The first non-American to play Superman missed Zack Snyder's casting call because he was mid-session on World of Warcraft. Snyder called back anyway. Before Man of Steel (2013), Cavill had spent a decade collecting near-misses: lost Superman in 2004 when the McG project collapsed, lost Cedric Diggory and Edward Cullen to Robert Pattinson, and got told he was too young for James Bond in 2005. Russell Crowe sent him a care package at 16 to encourage him to keep going, then ended up playing his father in the film that finally broke through.
The October 2022 double-announcement (Superman return, Witcher exit) went sideways within two months. DC's new leadership never cleared the return; James Gunn and Peter Safran told him he was out, cut his cameo from The Flash, and Gunn publicly called the whole thing 'really unfair.' Argylle (2024) cost $200 million and grossed $96 million. The Deadpool & Wolverine cameo, built entirely around his DC dismissal, played better than anything he starred in that year. He's filming Highlander with Chad Stahelski now, which suggests he's done waiting on studio politics.

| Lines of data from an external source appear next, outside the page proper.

(* For each $L\in\{3,4,5,6\}$, the class of I$^2$-GNNs can count $L$-cycles at node level: for all node-graph pairs $(i_1,G_1),(i_2,G_2)$ with $C(L\text{-cycle},i_1,G_1)\ne C(L\text{-cycle},i_2,G_2)$, there exists an I$^2$-GNN whose node representations satisfy $h_{i_1}(G_1)\ne h_{i_2}(G_2)$.
   Context: Graphs are finite, simple, undirected, $G=(V,E)$, possibly carrying node attributes $x_v$ and edge attributes $e_{u,v}$ (a fixed constant when absent). $N(v)$ is the neighbour set of $v$. For $L\ge 3$, an $L$-cycle is a sequence of edges $(v_1,v_2),\dots,(v_L,v_{L+1})$ with $v_1,\dots,v_L$ pairwise distinct and $v_{L+1}=v_1$; two cycles are identified when their edge sets coincide; $C(L\text{-cycle},i,G)$ is the number of inequivalent $L$-cycles containing node $i$. A class $\mathcal F$ of functions on node-graph pairs can count $S$ at node level if for all $(i_1,G_1),(i_2,G_2)$ with $C(S,i_1,G_1)\ne C(S,i_2,G_2)$ there is $f\in\mathcal F$ with $f(i_1,G_1)\ne f(i_2,G_2)$. I$^2$-GNNs. An I$^2$-GNN is specified by an integer $K\ge1$, $T$, arbitrary functions $M_t$ (values in some $\mathbb R^{d_t}$), $U_t$, and arbitrary readouts $R_{\text{edge}},R_{\text{node}}$ on finite multisets. For each root $i\in V$ let $(V_i,E_i)$ be the subgraph of $G$ induced by nodes at shortest-path distance at most $K$ from $i$, and $N_i(k)=\{l\in V_i:(k,l)\in E_i\}$. For each $j\in N(i)$ and $k\in V_i$: $h^{(0)}_{i,j,k}=x_k\oplus\mathbb 1_{k=i}\oplus\mathbb 1_{k=j}$ ($\oplus$ = concatenation), $h^{(t+1)}_{i,j,k}=U_t\big(h^{(t)}_{i,j,k},\sum_{l\in N_i(k)}M_t(h^{(t)}_{i,j,k},h^{(t)}_{i,j,l},e_{k,l})\big)$; then $h_{i,j}=R_{\text{edge}}(\{\!\{h^{(T)}_{i,j,k}:k\in V_i\}\!\})$ and $h_i=R_{\text{node}}(\{\!\{h_{i,j}:j\in N(i)\}\!\})$. The node-level function computed is $(i,G)\mapsto h_i$; the class of I$^2$-GNNs consists of all such choices. *)

theory Defs
  imports Complex_Main "HOL-Library.Multiset"
begin

record 'v graph =
  verts :: "'v set"
  adj   :: "'v \<Rightarrow> 'v \<Rightarrow> bool"
  nattr :: "'v \<Rightarrow> real list"
  eattr :: "'v \<Rightarrow> 'v \<Rightarrow> real list"

definition wf_graph :: "('v, 'z) graph_scheme \<Rightarrow> bool" where
  "wf_graph G \<longleftrightarrow>
     finite (verts G) \<and>
     (\<forall>u v. adj G u v \<longrightarrow> u \<in> verts G \<and> v \<in> verts G) \<and>
     (\<forall>u v. adj G u v \<longrightarrow> adj G v u) \<and>
     (\<forall>u. \<not> adj G u u) \<and>
     (\<forall>u v. eattr G u v = eattr G v u) \<and>
     (\<exists>d. \<forall>v \<in> verts G. length (nattr G v) = d) \<and>
     (\<exists>d. \<forall>u v. length (eattr G u v) = d)"

definition nbrs :: "('v, 'z) graph_scheme \<Rightarrow> 'v \<Rightarrow> 'v set" where
  "nbrs G v = {u \<in> verts G. adj G v u}"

His career moves aren't driven by a management team, they're driven by what he's been obsessed with since adolescence. He went after The Witcher role because he'd completed The Witcher 3 and didn't want anyone else handling Geralt. The Amazon Warhammer 40,000 deal came after years of him posting miniature-painting content on Instagram; Games Workshop reportedly already knew his name before any pitch meeting. He posted a viral video building a custom gaming PC while playing Superman. The kid who earned 'Fat Cavill' at boarding school grew up to let his nerd obsessions pick his roles.